The breakout star from the hit show Euphoria, Chloe Cherry, and Grammy-award-winning singer SZA will star in a new comedy called Tuna Melt, alongside Eddie Huang.
Huang, who also wrote and will direct the movie in addition to starring in it, is collaborating with Scooter Braun and James Sin for SB Projects, according to Deadline, along with Andrew Swett and Aaron Ryder from Ryder Picture Company.
The movie is described as a Pulp Fiction meets High Fidelity, which means it’s a really bloody love story involving a music store and a lot of ex girlfriends, maybe? SZA was cast to play Huang’s love interest, but it’s not known yet what role Cherry will handle in the film.
Huang is a multi-talented personality who made his directorial premiere in the 2021 basketball movie Boogie, which he also wrote and starred in. His book Fresh Off the Boat: A Memoir was used as source material for the ABC show Fresh Off the Boat. That show lasted six seasons. He’s also hosted cooking shows and was tasked to produce a show called Panda for Showtime about pressed pills.
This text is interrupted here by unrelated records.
lemma pair_sum_lca_card_eq_sum_level_cut:
  assumes "finite V" "\<And>u. w u u = 0"
  shows "distinct (leaves S) \<Longrightarrow> set (leaves S) \<subseteq> V \<Longrightarrow>
    (\<Sum>u\<in>set (leaves S). \<Sum>v\<in>set (leaves S). w u v * real (lca_card S u v))
    + real (length (leaves S)) * cut_weight w (set (leaves S)) (V - set (leaves S))
    = (\<Sum>k<length (leaves S). level_cut V w k S)"
proof (induction S)
  case (Leaf a)
  then show ?case using assms(2) by simp
next
  case (Node l r)
  define L R where "L = set (leaves l)" and "R = set (leaves r)"
  define Out where "Out = V - (L \<union> R)"
  have disj: "L \<inter> R = {}" and LR: "L \<subseteq> V" "R \<subseteq> V"
    using Node.prems by (auto simp: L_def R_def)
  have fin: "finite L" "finite R" "finite Out"
    using assms(1) by (auto simp: L_def R_def Out_def)
  have "V - L = R \<union> Out" "V - R = L \<union> Out" "R \<inter> Out = {}" "L \<inter> Out = {}"
    using LR disj by (auto simp: Out_def)
  then have "cut_weight w L (V - L) = cut_weight w L R + cut_weight w L Out"
    and "cut_weight w R (V - R) = cut_weight w R L + cut_weight w R Out"
    using fin by (simp_all add: cut_weight_Un_right)
  moreover have "cut_weight w (L \<union> R) Out = cut_weight w L Out + cut_weight w R Out"
    using fin(1,2) disj by (rule cut_weight_Un_left)
  moreover note pair_sum_lca_card_Node[OF Node.prems(1), of w] sum_level_cut_Node[of V w l r]
    Node.IH[unfolded L_def[symmetric] R_def[symmetric]]
  ultimately show ?case
    using Node.prems by (simp add: L_def[symmetric] R_def[symmetric] Out_def[symmetric] algebra_simps)
qed

lemma hc_cost_eq_sum_level_cut:
  assumes "wgraph V w" "is_hctree V T"
  shows "hc_cost V w T = (\<Sum>k<card V. level_cut V w k T) / 2"
proof -
  have fin: "finite V" and diag: "\<And>u. w u u = 0" and T: "distinct (leaves T)" "set (leaves T) = V"
    using assms by (auto simp: wgraph_def is_hctree_def)
  have "(\<Sum>u\<in>V. \<Sum>v\<in>V. w u v * real (lca_size T u v)) = (\<Sum>u\<in>V. \<Sum>v\<in>V. w u v * real (lca_card T u v))"
    using T lca_size_eq_lca_card[of T] by (intro sum.cong refl) auto
  also have "\<dots> = (\<Sum>k<card V. level_cut V w k T)"
    using pair_sum_lca_card_eq_sum_level_cut[of V w, OF fin diag T(1)] T
    by (simp add: distinct_card[OF T(1), symmetric] cut_weight_def)
  finally show ?thesis by (simp add: hc_cost_def)
qed

lemma sum_le_level_cut:
  assumes "\<And>X. X \<subseteq> V \<Longrightarrow> X \<noteq> {} \<Longrightarrow> card X \<le> max k 1 \<Longrightarrow> sum c X \<le> cut_weight w X (V - X)"
  shows "distinct (leaves S) \<Longrightarrow> set (leaves S) \<subseteq> V \<Longrightarrow> sum c (set (leaves S)) \<le> level_cut V w k S"
proof (induction S)
  case (Leaf a)
  then show ?case using assms[of "{a}"] by simp
next
  case (Node l r)
  show ?case
  proof (cases "length (leaves (Node l r)) \<le> k")
    case True
    then have "card (set (leaves (Node l r))) \<le> max k 1"
      using distinct_card[OF Node.prems(1)] by simp
    moreover have "set (leaves (Node l r)) \<noteq> {}"
      using length_leaves_pos[of "Node l r"] by (auto simp del: leaves.simps)
    ultimately show ?thesis using assms[OF Node.prems(2)] True by simp
  next
    case False
    have "sum c (set (leaves (Node l r))) = sum c (set (leaves l)) + sum c (set (leaves r))"
      using Node.prems(1) by (simp add: sum.union_disjoint)
    also have "\<dots> \<le> level_cut V w k l + level_cut V w k r"
      using Node.IH Node.prems by (intro add_mono) auto
    finally show ?thesis using False by simp
  qed
qed

lemma deg_nonneg: "wgraph V w \<Longrightarrow> 0 \<le> deg V w u"
  unfolding wgraph_def deg_def by (simp add: sum_nonneg)

lemma vol_nonneg: "wgraph V w \<Longrightarrow> 0 \<le> vol V w S"
  unfolding vol_def by (simp add: sum_nonneg deg_nonneg)

lemma vol_Diff: "finite V \<Longrightarrow> S \<subseteq> V \<Longrightarrow> vol V w (V - S) = vol V w V - vol V w S"
  unfolding vol_def by (simp add: sum_diff)

lemma deg_le_dmax: "finite V \<Longrightarrow> u \<in> V \<Longrightarrow> deg V w u \<le> dmax V w"
  unfolding dmax_def by simp

lemma dmin_le_deg: "finite V \<Longrightarrow> u \<in> V \<Longrightarrow> dmin V w \<le> deg V w u"
  unfolding dmin_def by simp

lemma dmin_nonneg:
  assumes "wgraph V w" "V \<noteq> {}"
  shows "0 \<le> dmin V w"
proof -
  have "dmin V w \<in> deg V w ` V"
    using assms unfolding dmin_def wgraph_def by (intro Min_in) auto
  then show ?thesis using deg_nonneg[OF assms(1)] by auto
qed

lemma dmax_nonneg:
  assumes "wgraph V w" "V \<noteq> {}"
  shows "0 \<le> dmax V w"
proof -
  obtain u where "u \<in> V" using assms(2) by blast
  then show ?thesis
    using assms(1) deg_nonneg[OF assms(1), of u] deg_le_dmax[of V u w] by (simp add: wgraph_def)
qed

lemma vol_le_card_mult_dmax: "finite V \<Longrightarrow> S \<subseteq> V \<Longrightarrow> vol V w S \<le> real (card S) * dmax V w"
  unfolding vol_def by (intro sum_bounded_above deg_le_dmax) auto

lemma card_mult_dmin_le_vol: "finite V \<Longrightarrow> S \<subseteq> V \<Longrightarrow> real (card S) * dmin V w \<le> vol V w S"
  unfolding vol_def by (intro sum_bounded_below dmin_le_deg) auto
The movie will be singer SZA’a first foray into acting. SZA was born Solána Imani Rowe and her debut album CTRL went double platinum. She teamed up with Kendrick Lamar for the song “All the Stars” for the Black Panther soundtrack — a song that climbed all the way to the top ten of the Billboard charts.
Cherry’s next project is a sci movie called www.RachelOrmont.com. She’s the breakout star from the second season of the HBO series Euphoria.
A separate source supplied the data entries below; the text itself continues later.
(* Let $\rho\in\Delta_{|\mathcal S|}$ and let $\pi,\pi'$ be policies. Define $\underline L_{\rho,\pi'}(v):=\min_{x\in X(\rho,\pi')}L_{\rho,\pi'}(x,v)$, where $$L_{\rho,\pi'}(x,v):=\langle c,x\rangle+\sum_{s\in\mathcal S}\eta^{\pi'}_\rho(s)\,\bar h^{x(\cdot,s)}(s)+\langle v,\rho-(\hat I-\gamma P)^Tx\rangle .$$ Then, with $V^\pi\in\mathbb R^{|\mathcal S|}$ the value function of $\pi$, $$\underline L_{\rho,\pi'}(V^\pi)=\langle V^\pi,\rho\rangle-\sum_{s\in\mathcal S}\eta^{\pi'}_\rho(s)\cdot\max_{p\in\Delta_{|\mathcal A|}}\{-\psi^\pi(s,p)\}.$$
   Context: An infinite-horizon discounted MDP: finite $\mathcal S$, $\mathcal A$, transition probabilities $\mathcal P(s'\mid s,a)$, cost $c$, discount $\gamma\in[0,1)$. A policy assigns $\pi(\cdot\mid s)\in\Delta_{|\mathcal A|}$ (probability simplex) to each state. For each $s$, $p\mapsto h^p(s)$ is a closed convex function on $\Delta_{|\mathcal A|}$. $V^\pi(s)=\mathbb E[\sum_{t\ge0}\gamma^t(c(s_t,a_t)+h^{\pi(\cdot\mid s_t)}(s_t))\mid s_0=s,\ a_t\sim\pi(\cdot\mid s_t),\ s_{t+1}\sim\mathcal P(\cdot\mid s_t,a_t)]$, $Q^\pi(s,a)$ the same with $a_0=a$; the advantage function is $\psi^\pi(s,p):=\langle Q^\pi(s,\cdot),p\rangle-V^\pi(s)+h^p(s)-h^{\pi(\cdot\mid s)}(s)$. Visitation: $\kappa^\pi_q(s):=(1-\gamma)\sum_{t\ge0}\gamma^t\Pr^\pi\{s_t=s\mid s_0=q\}$ and $\eta^\pi_\rho(s):=(1-\gamma)^{-1}\sum_q\rho(q)\kappa^\pi_q(s)$. Vectors $x\in\mathbb R^{|\mathcal A|\times|\mathcal S|}$ have entries $x(a,s)$ and $\langle c,x\rangle=\sum_{s,a}c(s,a)x(a,s)$; $(\hat I-\gamma P)^Tx$ is the vector in $\mathbb R^{|\mathcal S|}$ with entries $\sum_a x(a,s)-\gamma\sum_{s',a}\mathcal P(s\mid s',a)x(a,s')$ (so $\langle v,(\hat I-\gamma P)^Tx\rangle=\sum_{s,a}x(a,s)[v(s)-\gamma\sum_{s'}\mathcal P(s'\mid s,a)v(s')]$). $X(\rho,\pi'):=\{x\ge0:\sum_{a}x(a,s)=\eta^{\pi'}_\rho(s)\ \forall s\}$. For $x\in X(\rho,\pi')$, $\bar h^{x(\cdot,s)}(s):=h^{u(\cdot,s)}(s)$ with $u(\cdot,s)=x(\cdot,s)/\sum_a x(a,s)$. *)

theory Defs
  imports "HOL-Analysis.Analysis"
begin

(* Transition kernel  P s a s' = P(s' | s,a);  cost  c s a;
   regulariser  h s p = h^p(s)  for p in the action simplex;
   policy  pol s = pol(. | s) :: real^'a. *)

definition act_simplex :: "(real^'a::finite) set" where
  "act_simplex = {p. (\<forall>a. 0 \<le> p $ a) \<and> (\<Sum>a\<in>UNIV. p $ a) = 1}"

definition closed_fun_on :: "(real^'a::finite) set \<Rightarrow> (real^'a \<Rightarrow> real) \<Rightarrow> bool" where
  "closed_fun_on S f \<longleftrightarrow> closed {(p, t). p \<in> S \<and> f p \<le> t}"

definition is_policy :: "('s::finite \<Rightarrow> real^'a::finite) \<Rightarrow> bool" where
  "is_policy pol \<longleftrightarrow> (\<forall>s. pol s \<in> act_simplex)"

definition is_distribution :: "('s::finite \<Rightarrow> real) \<Rightarrow> bool" where
  "is_distribution rho \<longleftrightarrow> (\<forall>s. 0 \<le> rho s) \<and> (\<Sum>s\<in>UNIV. rho s) = 1"

definition Ppol :: "('s::finite \<Rightarrow> 'a::finite \<Rightarrow> 's \<Rightarrow> real) \<Rightarrow> ('s \<Rightarrow> real^'a) \<Rightarrow> 's \<Rightarrow> 's \<Rightarrow> real" where
  "Ppol P pol s s' = (\<Sum>a\<in>UNIV. pol s $ a * P s a s')"

(* t-step probability  Pr^pol { s_t = s' | s_0 = s } *)
fun pstep :: "('s::finite \<Rightarrow> 'a::finite \<Rightarrow> 's \<Rightarrow> real) \<Rightarrow> ('s \<Rightarrow> real^'a) \<Rightarrow> nat \<Rightarrow> 's \<Rightarrow> 's \<Rightarrow> real" where
  "pstep P pol 0 s s' = (if s = s' then 1 else 0)"
| "pstep P pol (Suc t) s s' = (\<Sum>s1\<in>UNIV. pstep P pol t s s1 * Ppol P pol s1 s')"

definition cpol :: "('s::finite \<Rightarrow> 'a::finite \<Rightarrow> real) \<Rightarrow> ('s \<Rightarrow> real^'a \<Rightarrow> real) \<Rightarrow> ('s \<Rightarrow> real^'a) \<Rightarrow> 's \<Rightarrow> real" where
  "cpol c h pol s = (\<Sum>a\<in>UNIV. pol s $ a * c s a) + h s (pol s)"

(* V^pol(s) = E[ sum_t gamma^t (c(s_t,a_t) + h^{pol(.|s_t)}(s_t)) | s_0 = s ] *)
definition Vfun :: "('s::finite \<Rightarrow> 'a::finite \<Rightarrow> 's \<Rightarrow> real) \<Rightarrow> ('s \<Rightarrow> 'a \<Rightarrow> real) \<Rightarrow> ('s \<Rightarrow> real^'a \<Rightarrow> real) \<Rightarrow> real \<Rightarrow> ('s \<Rightarrow> real^'a) \<Rightarrow> 's \<Rightarrow> real" where
  "Vfun P c h \<gamma> pol s = (\<Sum>t. \<gamma> ^ t * (\<Sum>s'\<in>UNIV. pstep P pol t s s' * cpol c h pol s'))"

(* Q^pol(s,a): same with a_0 = a; for t >= 1,
   Pr{s_t = s' | s_0 = s, a_0 = a} = sum_{s1} P(s1|s,a) Pr^pol{s_{t-1} = s' | s_0 = s1} *)
definition Qfun :: "('s::finite \<Rightarrow> 'a::finite \<Rightarrow> 's \<Rightarrow> real) \<Rightarrow> ('s \<Rightarrow> 'a \<Rightarrow> real) \<Rightarrow> ('s \<Rightarrow> real^'a \<Rightarrow> real) \<Rightarrow> real \<Rightarrow> ('s \<Rightarrow> real^'a) \<Rightarrow> 's \<Rightarrow> 'a \<Rightarrow> real" where
  "Qfun P c h \<gamma> pol s a = c s a + h s (pol s) +
     (\<Sum>t. \<gamma> ^ Suc t * (\<Sum>s'\<in>UNIV. (\<Sum>s1\<in>UNIV. P s a s1 * pstep P pol t s1 s') * cpol c h pol s'))"

definition psi :: "('s::finite \<Rightarrow> 'a::finite \<Rightarrow> 's \<Rightarrow> real) \<Rightarrow> ('s \<Rightarrow> 'a \<Rightarrow> real) \<Rightarrow> ('s \<Rightarrow> real^'a \<Rightarrow> real) \<Rightarrow> real \<Rightarrow> ('s \<Rightarrow> real^'a) \<Rightarrow> 's \<Rightarrow> real^'a \<Rightarrow> real" where
  "psi P c h \<gamma> pol s p = (\<Sum>a\<in>UNIV. Qfun P c h \<gamma> pol s a * p $ a) - Vfun P c h \<gamma> pol s + h s p - h s (pol s)"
Huang said he likes to challenge audiences and offer alternatives to all the white coming of age stories out there, especially with Boogie.
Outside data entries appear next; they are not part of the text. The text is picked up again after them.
(* Let $q$ be a prime power, $u,v$ non-zero in $\mathbb{F}_q$, and write $\mathrm{Rad}(q-1)=k\,p_1\cdots p_s$ with $k$ a divisor and $p_1,\ldots,p_s$ distinct primes. Let $\theta=\theta(k)$, $W=W(k)$, and let $\varepsilon$ be the number of zeros of $ux^2+v$ in $\mathbb{F}_q$. Then for each $i=1,\ldots,s$: (i) $|M_{p_ik,k}-\theta(p_i)M_{k,k}|\leq \theta^2\left(1-\frac{1}{p_i}\right)\{2\sqrt{q}(W^2-W)+\varepsilon W\}$; (ii) $|M_{k,p_ik}-\theta(p_i)M_{k,k}|\leq 2\left(1-\frac{1}{p_i}\right)\theta^2W^2\sqrt{q}$.
   Context: $\mathrm{Rad}(m)$ is the product of the distinct primes dividing $m$; $\theta(m)=\phi(m)/m$; $W(m)=2^{\omega(m)}$ with $\omega(m)$ the number of distinct prime divisors. For a divisor $e$ of $q-1$, a non-zero $a\in\mathbb{F}_q$ is $e$-free if $a=b^d$ with $b\in\mathbb{F}_q$, $d\mid e$ implies $d=1$. For divisors $e_1,e_2$ of $q-1$, $M_{e_1,e_2}$ is the number of non-zero $a\in\mathbb{F}_q$ such that $a$ is $e_1$-free and $ua+va^{-1}$ is (non-zero and) $e_2$-free. *)

theory Defs
  imports "HOL-Computational_Algebra.Computational_Algebra" "HOL-Number_Theory.Number_Theory"
begin

definition Rad :: "nat \<Rightarrow> nat" where
  "Rad m = (\<Prod>p\<in>prime_factors m. p)"

definition theta :: "nat \<Rightarrow> real" where
  "theta m = real (totient m) / real m"

definition W :: "nat \<Rightarrow> nat" where
  "W m = 2 ^ card (prime_factors m)"

definition efree :: "nat \<Rightarrow> 'a::field \<Rightarrow> bool" where
  "efree e a \<longleftrightarrow> a \<noteq> 0 \<and> (\<forall>d b. d dvd e \<and> a = b ^ d \<longrightarrow> d = 1)"

definition Mcount :: "'a::{finite,field} \<Rightarrow> 'a \<Rightarrow> nat \<Rightarrow> nat \<Rightarrow> nat" where
  "Mcount u v e1 e2 = card {a::'a. a \<noteq> 0 \<and> efree e1 a \<and>
      u * a + v * inverse a \<noteq> 0 \<and> efree e2 (u * a + v * inverse a)}"

end

(*
  Write q = |F|, B(a) = u a + v/a and, for a prime p dividing q - 1, let psi be a character of
  order p. An element is pk-free iff it is k-free and not a p-th power, and averaging the p
  powers of psi detects p-th powers; hence each difference M - theta(p) M in the statement
  equals -1/p times a sum over t = 1..p-1 of the count twisted by psi^t on a, resp. on B(a).
  Vinogradov's formula writes the indicator of k-free elements as theta(k) times the principal
  character plus nontrivial characters of order dividing k with coefficients of total size
  theta(k)(W(k) - 1). The twisted counts thus become combinations of sums
  S = sum_a alpha(a) beta(B(a)) in which one character carries psi^t and is nontrivial.
  If beta is nontrivial then |S| <= 2 sqrt q: |S| is constant on u times the nonzero squares,
  a set of at least (q-1)/2 elements, and Parseval over u bounds the mean square of S by
  2 q (q - 1). If beta is principal, S equals minus the sum of alpha over the zeros of
  u x^2 + v.
*)

theory Submission
  imports Defs "HOL-Algebra.Multiplicative_Group" "HOL-Analysis.Complex_Transcendental"
begin

section \<open>Discrete logarithms in a finite field\<close>

lemma two_le_card_field: "2 \<le> CARD('a::{finite,field})"
proof -
  have "card {0::'a, 1} \<le> CARD('a)" by (rule card_mono) auto
  thus ?thesis by simp
qed

text \<open>A copy of ring_of_type_algebra from HOL-Algebra.Algebraic_Closure_Type, whose import
  shadows the constant prime.\<close>

definition ring_of_field :: "'a::field ring" where
  "ring_of_field = \<lparr>carrier = UNIV, mult = (*), one = 1, zero = 0, add = (+)\<rparr>"

lemma field_ring_of_field: "field (ring_of_field :: 'a::field ring)"
proof -
  have "\<exists>y. x + y = 0" for x :: 'a
    using add.right_inverse by blast
  moreover have "x \<noteq> 0 \<Longrightarrow> \<exists>y. x * y = 1" for x :: 'a
    by (rule exI[of _ "inverse x"]) auto
  ultimately show ?thesis
    unfolding ring_of_field_def using add.right_inverse
    by unfold_locales (auto simp: algebra_simps Units_def)
qed

lemma power_ring_of_field: "x [^]\<^bsub>ring_of_field\<^esub> (n::nat) = (x::'a::field) ^ n"
  by (induct n) (simp_all add: ring_of_field_def nat_pow_def mult.commute)

lemma exists_primitive_element:
  "\<exists>g::'a::{finite,field}. g \<noteq> 0 \<and> (\<forall>x. x \<noteq> 0 \<longrightarrow> (\<exists>i. x = g ^ i))"
proof -
  have "finite (carrier (ring_of_field :: 'a ring))"
    by (simp add: ring_of_field_def)
  then obtain g where
    "g \<in> carrier (mult_of (ring_of_field :: 'a ring))"
    "carrier (mult_of (ring_of_field :: 'a ring)) =
       {g [^]\<^bsub>ring_of_field\<^esub> i | i::nat. i \<in> UNIV}"
    using field.finite_field_mult_group_has_gen[OF field_ring_of_field] by blast
  hence "g \<noteq> 0" "UNIV - {0} = {g ^ i | i::nat. True}"
    unfolding power_ring_of_field by (auto simp: ring_of_field_def)
  thus ?thesis by blast
qed

lemma power_card_minus_one:
  assumes "x \<noteq> (0::'a::{finite,field})"
  shows "x ^ (CARD('a) - 1) = 1"
proof -
  let ?U = "UNIV - {0::'a}"
  have "(\<Prod>y\<in>?U. x * y) = (\<Prod>y\<in>?U. y)"
    by (rule prod.reindex_bij_witness[where i="\<lambda>y. inverse x * y" and j="\<lambda>y. x * y"])
       (use assms in auto)
  moreover have "(\<Prod>y\<in>?U. x * y) = x ^ (CARD('a) - 1) * (\<Prod>y\<in>?U. y)"
    by (simp add: prod.distrib card_Diff_singleton)
  moreover have "(\<Prod>y\<in>?U. y) \<noteq> 0" by simp
  ultimately show ?thesis by simp
qed

definition primitive_element :: "'a::{finite,field}" where
  "primitive_element = (SOME g. g \<noteq> 0 \<and> (\<forall>x. x \<noteq> 0 \<longrightarrow> (\<exists>i. x = g ^ i)))"

lemma primitive_element:
  "(primitive_element :: 'a::{finite,field}) \<noteq> 0 \<and>
     (\<forall>x::'a. x \<noteq> 0 \<longrightarrow> (\<exists>i. x = primitive_element ^ i))"
  unfolding primitive_element_def by (rule someI_ex[OF exists_primitive_element])

lemma primitive_element_nonzero: "(primitive_element :: 'a::{finite,field}) \<noteq> 0"
  using primitive_element by blast

lemma nonzero_eq_primitive_element_power:
  "(x::'a::{finite,field}) \<noteq> 0 \<Longrightarrow> \<exists>i. x = primitive_element ^ i"
  using primitive_element by blast

lemma primitive_element_power_mod:
  "(primitive_element :: 'a::{finite,field}) ^ i = primitive_element ^ (i mod (CARD('a) - 1))"
proof -
  let ?n = "CARD('a) - 1" and ?g = "primitive_element :: 'a"
  have "?g ^ i = (?g ^ ?n) ^ (i div ?n) * ?g ^ (i mod ?n)"
    by (subst (1) mult_div_mod_eq[symmetric, of i ?n]) (simp only: power_add power_mult)
  also have "?g ^ ?n = 1" by (rule power_card_minus_one[OF primitive_element_nonzero])
  finally show ?thesis by simp
qed

lemma primitive_element_powers:
  "(\<lambda>i. (primitive_element :: 'a::{finite,field}) ^ i) ` {..<CARD('a) - 1} = UNIV - {0}"
proof (intro equalityI subsetI)
  fix x :: 'a assume "x \<in> UNIV - {0}"
  then obtain i where "x = primitive_element ^ i" using nonzero_eq_primitive_element_power by auto
  hence "x = primitive_element ^ (i mod (CARD('a) - 1))"
    unfolding primitive_element_power_mod[of i] .
  moreover have "i mod (CARD('a) - 1) \<in> {..<CARD('a) - 1}"
    using two_le_card_field[where 'a='a] by simp
  ultimately show "x \<in> (\<lambda>i. primitive_element ^ i) ` {..<CARD('a) - 1}" by (rule image_eqI)
qed (use primitive_element_nonzero in auto)

lemma primitive_element_power_eq_iff:
  "(primitive_element :: 'a::{finite,field}) ^ a = primitive_element ^ b \<longleftrightarrow>
     [a = b] (mod CARD('a) - 1)"
proof -
  let ?n = "CARD('a) - 1"
  have "card ((\<lambda>i. (primitive_element :: 'a) ^ i) ` {..<?n}) = card {..<?n}"
    unfolding primitive_element_powers by (simp add: card_Diff_singleton)
  hence inj: "inj_on (\<lambda>i. (primitive_element :: 'a) ^ i) {..<?n}"
    using eq_card_imp_inj_on finite_lessThan by blast
  have "a mod ?n \<in> {..<?n}" "b mod ?n \<in> {..<?n}" using two_le_card_field[where 'a='a] by simp_all
  with inj show ?thesis
    unfolding primitive_element_power_mod[of a] primitive_element_power_mod[of b] cong_def
    by (simp add: inj_on_eq_iff)
qed

definition dlog :: "'a::{finite,field} \<Rightarrow> nat" where
  "dlog x = (SOME i. x = primitive_element ^ i)"

lemma primitive_element_power_dlog:
  assumes "(x::'a::{finite,field}) \<noteq> 0"
  shows "primitive_element ^ dlog x = x"
  unfolding dlog_def
  by (rule someI_ex[of "\<lambda>i. x = primitive_element ^ i", THEN sym])
     (rule nonzero_eq_primitive_element_power[OF assms])

lemma dlog_mult:
  assumes "(x::'a::{finite,field}) \<noteq> 0" "y \<noteq> 0"
  shows "[dlog (x * y) = dlog x + dlog y] (mod CARD('a) - 1)"
proof -
  have "primitive_element ^ dlog (x * y) = (primitive_element :: 'a) ^ (dlog x + dlog y)"
    using assms by (simp add: power_add primitive_element_power_dlog)
  thus ?thesis by (simp only: primitive_element_power_eq_iff)
qed

lemma dlog_primitive_element: "[dlog (primitive_element :: 'a::{finite,field}) = 1] (mod CARD('a) - 1)"
proof -
  have "primitive_element ^ dlog (primitive_element :: 'a) = (primitive_element :: 'a) ^ 1"
    by (simp add: primitive_element_nonzero primitive_element_power_dlog)
  thus ?thesis by (simp only: primitive_element_power_eq_iff)
qed

lemma is_power_iff_dvd_dlog:
  assumes "r dvd CARD('a) - 1" "(x::'a::{finite,field}) \<noteq> 0"
  shows "(\<exists>b. x = b ^ r) \<longleftrightarrow> r dvd dlog x"
proof
  assume "\<exists>b. x = b ^ r"
  then obtain b where b: "x = b ^ r" by blast
  have "r \<noteq> 0" using assms(1) two_le_card_field[where 'a='a] by (cases "r = 0") simp_all
  hence "b \<noteq> 0" using b assms(2) by auto
  have "primitive_element ^ dlog x = (primitive_element :: 'a) ^ (dlog b * r)"
    using b \<open>b \<noteq> 0\<close> assms(2) by (simp add: power_mult primitive_element_power_dlog)
  hence "[dlog x = dlog b * r] (mod r)"
    using assms(1) by (simp only: primitive_element_power_eq_iff cong_dvd_modulus_nat)
  thus "r dvd dlog x" by (simp add: cong_def mod_eq_0_iff_dvd)
next
  assume "r dvd dlog x"
  then obtain m where "dlog x = r * m" by blast
  hence "x = (primitive_element ^ m) ^ r"
    using primitive_element_power_dlog[OF assms(2)] by (metis power_mult mult.commute)
  thus "\<exists>b. x = b ^ r" by blast
qed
“It was always white people in school that were like, ‘Oh, I love Catcher in the Rye, I love Holden Caulfield,’” Huang told Variety last year.. “And I’m like, well, let me present you with a quite unlikable Asian character and see if you love him in the same way.”
He said teen movies were always very manufactured and never felt real.
“All of us kind of suck as teens. None of us are really that good at being people yet. And a lot of the characters you see in teenage or YA films, they’re very manufactured and they’re almost like either all good or all bad. I wanted to show a character that just struggled becoming a man.”
Tuna Melt, however, sounds like a decidedly different type of movie, with a hit man as its protagonist. There’s no release date for the movie just yet but we’ll keep you posted.